Again at its Monetary Analyst Day in 2020, AMD confirmed a diagram emphasizing its server CPU design chops and that chiplets weren’t the final step within the evolution of its CPUs. AMD opted to attract a line from its first deployment of HBM in 2015 by to the launch of chiplets, together with a future CPU delivering X3D packaging with a mix of two.5D and 3D applied sciences.
AMD by no means introduced a selected product that may carry X3D to market, however a brand new rumor suggests the corporate is engaged on a product codenamed “Milan-X.” Milan-X can be based mostly on AMD’s most up-to-date Epyc processor structure, however it will deploy way more reminiscence bandwidth than we’ve seen in an AMD server earlier than.
Milan-X aka Milan-X(3D). Genesis IO-die with stacked chiplets
I really like lasagna 😋 https://t.co/O2FrGxyd8P
— ExecutableFix (@ExecuFix) May 25, 2021
AMD’s next-gen I/O die is supposedly referred to as Genesis I/O, and the whole mixed 2.5D/3D stack sits on high of a big interposer. AMD’s official diagram exhibits a Four-high stack of HBM per CPU cluster, with one HBM stack devoted to every chip.

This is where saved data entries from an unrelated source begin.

(* In the setting described in the context, let $D\subseteq A\subseteq D\cup T$. Let $L\in\Pi_A$ with $\dim\operatorname{span}\langle L,L^*\rangle_A=2|L|-1$. Let $[e_1,e_2]\in T\setminus A$ with $e_1\in L$. Then $[e_1,e_2]\notin\operatorname{span}\langle L,L^*\rangle_A$ if and only if $e_2\notin L^*_A$.
   Context: Let $n\ge4$, $V=\{0,\dots,n-1\}$, and let $E=\{(u,v)\in V\times V:u\ne v\}$ be the set of arcs, written $uv$. Let $\chi_e\in\mathbb R^E$ be unit vectors and $\chi_F=\sum_{e\in F}\chi_e$. Let $\delta^\pm(w)$ be the arcs leaving/entering $w$, let $\delta^+(S)=\{uv:u\in S,v\notin S\}$, let $\mathcal S=\{S\subset V:2\le|S|\le n-2\}$, and let $x(F)=\sum_{e\in F}x_e$. The polytope is $P^n=\{x\in\mathbb R^E: x(\delta^+(w))=x(\delta^-(w))=1\ \forall w,\ x(\delta^+(S))\ge1\ \forall S\in\mathcal S,\ x\ge0\}$. Fix $\bar x\in P^n\cap\{0,\tfrac12\}^E$ and let $E_{\bar x}=\{e:\bar x_e=\tfrac12\}$. For $a\in\{0,1\}^E$ let $\mathrm{pr}(a)=\sum_{e\in E_{\bar x}}a_e\chi_e$. Let $\mathcal S_{\bar x}=\{S\in\mathcal S:\bar x(\delta^+(S))=1\}$. Define the sets $$D=\{\mathrm{pr}(\chi_{\delta^+(u)}),\mathrm{pr}(\chi_{\delta^-(u)}):u\in V\}, \qquad T=\{\mathrm{pr}(\chi_{\delta^+(S)}):S\in\mathcal S_{\bar x}\}.$$ Every vector of $D\cup T$ equals $\chi_{e_1}+\chi_{e_2}$ for two distinct arcs $e_1,e_2\in E_{\bar x}$; it is written $[e_1,e_2]=[e_2,e_1]$. Let $A$ be a set with $D\subseteq A\subseteq D\cup T$. On $E_{\bar x}$ define the relation $e\sim_A e'$ iff there is $\bar e\in E_{\bar x}$ with $[e,\bar e]\in A$ and $[\bar e,e']\in A$. Let $\equiv_A$ be its transitive closure; this is an equivalence relation. The equivalence classes are called circuits, and they form the circuit partition $\Pi_A$ of $E_{\bar x}$. For $L\in\Pi_A$, the set $\{\bar e\in E_{\bar x}:\exists e\in L,\ [e,\bar e]\in A\}$ is nonempty and contained in a unique circuit, denoted $L^*_A$ and called the dual of $L$. The pair $\{L,L^*_A\}$ is a circuit pair. $L$ is called shorted if $L^*_A=L$. Define $\langle L,L^*\rangle_A=\{[e,\bar e]\in A: e\in L,\ \bar e\in L^*_A\}$. *)

theory Defs
  imports Complex_Main "HOL-Library.Function_Algebras"
begin

type_synonym arc = "nat \<times> nat"
type_synonym vect = "arc \<Rightarrow> real"

definition verts :: "nat \<Rightarrow> nat set" where
  "verts n = {0..<n}"

definition arcs :: "nat \<Rightarrow> arc set" where
  "arcs n = {(u,v). u < n \<and> v < n \<and> u \<noteq> v}"

definition chi :: "arc \<Rightarrow> vect" where
  "chi e = (\<lambda>a. if a = e then 1 else 0)"

definition chiF :: "arc set \<Rightarrow> vect" where
  "chiF F = (\<lambda>a. \<Sum>e\<in>F. chi e a)"

definition out_arcs :: "nat \<Rightarrow> nat \<Rightarrow> arc set" where
  "out_arcs n w = {e \<in> arcs n. fst e = w}"

definition in_arcs :: "nat \<Rightarrow> nat \<Rightarrow> arc set" where
  "in_arcs n w = {e \<in> arcs n. snd e = w}"

definition cut_out :: "nat \<Rightarrow> nat set \<Rightarrow> arc set" where
  "cut_out n S = {e \<in> arcs n. fst e \<in> S \<and> snd e \<notin> S}"

definition Sfam :: "nat \<Rightarrow> nat set set" where
  "Sfam n = {S. S \<subseteq> verts n \<and> 2 \<le> card S \<and> card S \<le> n - 2}"

definition xsum :: "vect \<Rightarrow> arc set \<Rightarrow> real" where
  "xsum x F = (\<Sum>e\<in>F. x e)"

definition polytope :: "nat \<Rightarrow> vect set" where
  "polytope n = {x. (\<forall>e. e \<notin> arcs n \<longrightarrow> x e = 0)
     \<and> (\<forall>w\<in>verts n. xsum x (out_arcs n w) = 1 \<and> xsum x (in_arcs n w) = 1)
     \<and> (\<forall>S\<in>Sfam n. xsum x (cut_out n S) \<ge> 1)
     \<and> (\<forall>e\<in>arcs n. x e \<ge> 0)}"

definition half_integral :: "nat \<Rightarrow> vect \<Rightarrow> bool" where
  "half_integral n x \<longleftrightarrow> (\<forall>e\<in>arcs n. x e = 0 \<or> x e = 1/2)"

definition Ex :: "nat \<Rightarrow> vect \<Rightarrow> arc set" where
  "Ex n x = {e \<in> arcs n. x e = 1/2}"

definition pr :: "nat \<Rightarrow> vect \<Rightarrow> vect \<Rightarrow> vect" where
  "pr n x a = (\<lambda>e. if e \<in> Ex n x then a e else 0)"

definition Sx :: "nat \<Rightarrow> vect \<Rightarrow> nat set set" where
  "Sx n x = {S \<in> Sfam n. xsum x (cut_out n S) = 1}"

It’s attainable that AMD’s diagram above is simply supposed to indicate the final idea of what the corporate intends to construct, not precisely convey the ultimate design of the product. If the diagram is correct, it suggests Milan-X will both function extra cores per chiplet (16 can be wanted to hit 64 cores in 4 chiplets) or that Milan-X will high out at 32 cores. The diagram additionally implies AMD’s interposer die should be beneath the cluster of chiplets.

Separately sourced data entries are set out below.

(* Let $\lambda$ be a strict partition of $n$ (all parts distinct), with $\ell(\lambda)$ parts, and let $Q_\lambda$ be Schur's $Q$-function. Let $\mathcal{C}_n$ be a set of compositions of $n$ containing exactly one composition with each peak set. Define the numbers $d_{\lambda I}$ ($I\in\mathcal C_n$) by $$2^{-\lfloor\ell(\lambda)/2\rfloor}Q_\lambda=\sum_{I\in\mathcal{C}_n}d_{\lambda I}\,2^{-\lfloor(|HP(I)|+1)/2\rfloor}\,\Theta_{HP(I)}.$$ These are the decomposition numbers expressing the characteristic of the generic Hecke–Clifford simple module $U_\lambda$ in terms of the characteristics of the simple $HCl_n(0)$-supermodules. Then $$d_{\lambda I}=2^{\lfloor(|HP(I)|+1)/2\rfloor-\lfloor\ell(\lambda)/2\rfloor}\,\big|\{T\in\mathcal{ST}^\lambda:\ \Lambda(T)=HP(I)\}\big|.$$
   Context: For a composition $K$ of $n$, $\operatorname{Des}(K)$ is the set of its partial sums (excluding $n$), and $HP(K)=\{a\in\operatorname{Des}(K):a\ne1,\ a-1\notin\operatorname{Des}(K)\}$. For a peak set $P\subseteq[2,n-1]$, $\Theta_P=2^{|P|+1}\sum_{K\models n,\ P\subseteq\operatorname{Des}(K)\Delta(\operatorname{Des}(K)+1)}F_K$, where $F_K$ is the fundamental quasi-symmetric function, $A+1=\{a+1:a\in A\}$, and $\Delta$ is symmetric difference; the $\Theta_P$ are linearly independent. $\mathcal{ST}^\lambda$ is the set of standard shifted Young tableaux of shape $\lambda$ (row $j$ shifted $j-1$ cells to the right, entries $1,\dots,n$ increasing along rows and columns). For $T\in\mathcal{ST}^\lambda$, its descent set is $D(T)=\{i: i+1 \text{ lies in a row strictly below the row of } i\}$, and its peak set is $\Lambda(T)=\{i\in D(T): i\ne1,\ i-1\notin D(T)\}$. *)

theory Defs
  imports Complex_Main
begin

definition compositions :: "nat \<Rightarrow> nat list set" where
  "compositions n = {K. (\<forall>x\<in>set K. 0 < x) \<and> sum_list K = n}"

definition Des :: "nat list \<Rightarrow> nat set" where
  "Des K = {sum_list (take i K) | i. 1 \<le> i \<and> i < length K}"

definition HP :: "nat list \<Rightarrow> nat set" where
  "HP K = {a \<in> Des K. a \<noteq> 1 \<and> a - 1 \<notin> Des K}"

text \<open>A (bounded degree) formal power series in countably many commuting variables
  x_0, x_1, x_2, ... is represented by its coefficient function on monomials; a monomial
  is given by its exponent vector alpha :: nat => nat (alpha v = exponent of x_v).\<close>
type_synonym series = "(nat \<Rightarrow> nat) \<Rightarrow> real"

definition Fq :: "nat list \<Rightarrow> series" where
  "Fq K \<alpha> = real (card {f :: nat \<Rightarrow> nat.
      (\<forall>j. j \<notin> {1..sum_list K} \<longrightarrow> f j = 0)
    \<and> (\<forall>j \<in> {1..<sum_list K}. f j \<le> f (j + 1) \<and> (j \<in> Des K \<longrightarrow> f j < f (j + 1)))
    \<and> (\<forall>v. \<alpha> v = card {j \<in> {1..sum_list K}. f j = v})})"

definition Theta :: "nat \<Rightarrow> nat set \<Rightarrow> series" where
  "Theta n P \<alpha> = 2 ^ (card P + 1) *
     (\<Sum>K \<in> {K \<in> compositions n.
                P \<subseteq> (Des K - (\<lambda>a. a + 1) ` Des K) \<union> ((\<lambda>a. a + 1) ` Des K - Des K)}.
        Fq K \<alpha>)"

definition strict_partition :: "nat list \<Rightarrow> nat \<Rightarrow> bool" where
  "strict_partition lam n \<longleftrightarrow> sorted_wrt (>) lam \<and> (\<forall>x\<in>set lam. 0 < x) \<and> sum_list lam = n"

text \<open>Shifted diagram (0-indexed): row r has cells (r,c) with r <= c < r + lam_r.\<close>
definition shifted_diagram :: "nat list \<Rightarrow> (nat \<times> nat) set" where
  "shifted_diagram lam = {(r, c). r < length lam \<and> r \<le> c \<and> c < r + lam ! r}"

text \<open>Marked shifted tableaux: entries from the alphabet 0' < 0 < 1' < 1 < ...,
  encoded as positive naturals: v' is 2v+1 and v is 2v+2 (odd = primed);
  cells outside the diagram carry 0. Rows and columns weakly increase, each unprimed
  letter appears at most once in each column, each primed letter at most once in each row.
  (Primes on the main diagonal are allowed: this gives Q rather than P.)\<close>
definition marked_shifted_tableaux :: "nat list \<Rightarrow> ((nat \<times> nat) \<Rightarrow> nat) set" where
  "marked_shifted_tableaux lam = {T.
      (\<forall>p. p \<notin> shifted_diagram lam \<longrightarrow> T p = 0)
    \<and> (\<forall>p \<in> shifted_diagram lam. 0 < T p)
    \<and> (\<forall>r c. (r, c) \<in> shifted_diagram lam \<and> (r, c + 1) \<in> shifted_diagram lam \<longrightarrow>
         T (r, c) \<le> T (r, c + 1) \<and> (T (r, c) = T (r, c + 1) \<longrightarrow> even (T (r, c))))
    \<and> (\<forall>r c. (r, c) \<in> shifted_diagram lam \<and> (r + 1, c) \<in> shifted_diagram lam \<longrightarrow>
         T (r, c) \<le> T (r + 1, c) \<and> (T (r, c) = T (r + 1, c) \<longrightarrow> odd (T (r, c))))}"

text \<open>Content: exponent of x_v counts entries v and v'.\<close>
definition tableau_content :: "nat list \<Rightarrow> ((nat \<times> nat) \<Rightarrow> nat) \<Rightarrow> nat \<Rightarrow> nat" where
  "tableau_content lam T v = card {p \<in> shifted_diagram lam. (T p - 1) div 2 = v}"

definition SchurQ :: "nat list \<Rightarrow> series" where
  "SchurQ lam \<alpha> = real (card {T \<in> marked_shifted_tableaux lam. tableau_content lam T = \<alpha>})"

definition standard_shifted_tableaux :: "nat list \<Rightarrow> ((nat \<times> nat) \<Rightarrow> nat) set" where
  "standard_shifted_tableaux lam = {T.
      (\<forall>p. p \<notin> shifted_diagram lam \<longrightarrow> T p = 0)
    \<and> bij_betw T (shifted_diagram lam) {1..sum_list lam}
    \<and> (\<forall>r c. (r, c) \<in> shifted_diagram lam \<and> (r, c + 1) \<in> shifted_diagram lam \<longrightarrow>
         T (r, c) < T (r, c + 1))
    \<and> (\<forall>r c. (r, c) \<in> shifted_diagram lam \<and> (r + 1, c) \<in> shifted_diagram lam \<longrightarrow>
         T (r, c) < T (r + 1, c))}"

definition row_of :: "nat list \<Rightarrow> ((nat \<times> nat) \<Rightarrow> nat) \<Rightarrow> nat \<Rightarrow> nat" where
  "row_of lam T i = fst (the_inv_into (shifted_diagram lam) T i)"

definition tab_Des :: "nat list \<Rightarrow> ((nat \<times> nat) \<Rightarrow> nat) \<Rightarrow> nat set" where
  "tab_Des lam T = {i \<in> {1..<sum_list lam}. row_of lam T i < row_of lam T (i + 1)}"

definition tab_Peak :: "nat list \<Rightarrow> ((nat \<times> nat) \<Rightarrow> nat) \<Rightarrow> nat set" where
  "tab_Peak lam T = {i \<in> tab_Des lam T. i \<noteq> 1 \<and> i - 1 \<notin> tab_Des lam T}"

end

(*
  A marked shifted tableau T of shape lam amounts to a pair (S, w): S is the standard tableau
  obtained by numbering the cells of T in increasing order of their letters, equal unprimed
  letters left to right and equal primed letters top to bottom, and w is a weakly increasing
  marked word whose repeated letters are primed exactly at the descents of S. At a monomial
  x^alpha, whose weakly increasing word has ascent set A, there are 2^(|A|+1) such words if each
  peak p of Des(S) has p or p - 1 in A, and none otherwise; this is the value of Theta_(Lambda(S))
  at x^alpha. Hence Q_lam is the sum of Theta_(Lambda(S)) over all standard shifted tableaux S.

  The Theta_P are linearly independent: at the monomial whose weakly increasing word ascends
  exactly at P, Theta_Q vanishes unless every q in Q has q or q - 1 in P, and for Q <> P this
  forces the weight sum of (n - q) over Q below that over P. Comparing coefficients yields the
  decomposition numbers.
*)
theory Submission
  imports Defs
begin

section \<open>Compositions and their descent sets\<close>

lemma Des_eq_image: "Des K = (\<lambda>i. sum_list (take i K)) ` {1..<length K}"
  unfolding Des_def by auto

lemma Des_Cons: "Des (a # K) = (if K = [] then {} else insert a ((+) a ` Des K))"
proof -
  have "Des (a # K) = (\<lambda>i. sum_list (take i (a # K))) ` Suc ` {0..<length K}"
    unfolding Des_eq_image
    by (simp del: image_Suc_atLeastLessThan add: image_Suc_atLeastLessThan[symmetric])
  also have "\<dots> = (\<lambda>i. a + sum_list (take i K)) ` {0..<length K}"
    by (simp only: image_image take_Suc_Cons sum_list.Cons)
  also have "\<dots> = (if K = [] then {} else insert a ((+) a ` Des K))"
  proof (cases "K = []")
    case False
    then have "{0..<length K} = insert 0 {1..<length K}" by auto
    then show ?thesis using False by (simp add: Des_eq_image image_image)
  qed simp
  finally show ?thesis .
qed

lemma Des_bounds:
  assumes "\<forall>x\<in>set K. 0 < x" and "d \<in> Des K"
  shows "0 < d \<and> d < sum_list K"
proof -
  obtain i where i: "1 \<le> i" "i < length K" "d = sum_list (take i K)"
    using assms(2) unfolding Des_def by auto
  have pos: "0 < sum_list xs" if "xs \<noteq> []" "set xs \<subseteq> set K" for xs
    using that assms(1) by (auto simp: sum_list_eq_0_iff neq_Nil_conv)
  have "take i K \<noteq> []" "drop i K \<noteq> []"
    using i by auto
  then have "0 < sum_list (take i K)" "0 < sum_list (drop i K)"
    by (auto intro!: pos dest: in_set_takeD in_set_dropD)
  moreover have "sum_list K = sum_list (take i K) + sum_list (drop i K)"
    by (metis append_take_drop_id sum_list_append)
  ultimately show ?thesis using i by simp
qed

lemma Des_subset_if_composition: "K \<in> compositions n \<Longrightarrow> Des K \<subseteq> {1..<n}"
  unfolding compositions_def using Des_bounds by fastforce

lemma Des_inject:
  assumes "\<forall>x\<in>set K. 0 < x" "\<forall>x\<in>set K'. 0 < x"
    and "sum_list K = sum_list K'" "Des K = Des K'"
  shows "K = K'"
  using assms
proof (induction K arbitrary: K')
  case Nil
  then show ?case by (cases K') auto
next
  case (Cons a K1)
  obtain b K1' where K': "K' = b # K1'"
    using Cons.prems by (cases K') auto
  have pos: "\<forall>x\<in>set K1. 0 < x" "\<forall>x\<in>set K1'. 0 < x"
    using Cons.prems(1,2) K' by auto
  show ?case
  proof (cases "K1 = [] \<or> K1' = []")
    case True
    then have "K1 = [] \<and> K1' = []"
      using Cons.prems(4) K' by (auto simp: Des_Cons split: if_splits)
    then show ?thesis using Cons.prems(3) K' by simp
  next
    case False
    have D: "insert a ((+) a ` Des K1) = insert b ((+) b ` Des K1')"
      using Cons.prems(4) K' False by (simp add: Des_Cons)
    have "a \<in> insert b ((+) b ` Des K1')" "b \<in> insert a ((+) a ` Des K1)"
      using D by blast+
    then have ab: "a = b" by auto
    have "\<forall>x\<in>Des K1. 0 < x" "\<forall>x\<in>Des K1'. 0 < x"
      using Des_bounds pos by blast+
    then have "a \<notin> (+) a ` Des K1" "a \<notin> (+) a ` Des K1'"
      by auto
    then have "(+) a ` Des K1 = (+) a ` Des K1'"
      using D ab by (metis Diff_insert_absorb)
    then have "Des K1 = Des K1'"
      by (simp add: inj_image_eq_iff)
    then show ?thesis
      using Cons.IH[OF pos] Cons.prems(3) K' ab by simp
  qed
qed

This might positively qualify as 3D chip stacking, nevertheless it additionally raises questions on how a lot energy the I/O die will draw. It appears doubtless that AMD would have lastly shrunk all the way down to 7nm for I/O, simply to restrict the general energy consumption.
3D die stacking has all the time been troublesome outdoors of low-power environments, because of the downside of transferring warmth from the underside to the highest of the stack with out cooking some a part of the chip within the course of. The Holy Grail of chip stacking is to place a number of high-power chiplets on high of one another versus laying them out side-by-side, however Intel and AMD have each determined to deal with one thing a bit simpler first: placing a scorching chip on high of a cool one.
Intel doesn’t use the identical X3D know-how that AMD is rumored to be transport for Milan-X, however its Foveros 3D interconnect allowed the corporate’s low-power Lakefield processor to function one big-core Ice Lake CPU stacked on high of 4 low-power “Tremont” CPU cores. With Milan-X, AMD can be tackling one thing significantly extra complicated — once more, assuming each that this rumor is true and that the I/O die is beneath the chip cluster.
Milan-X is alleged to be a data-center-only chip and it isn’t clear what sort of cooling answer can be required to take care of the CPU’s distinctive construction. Presumably, AMD will need to stick with compelled air, however liquid and immersion cooling are additionally attainable.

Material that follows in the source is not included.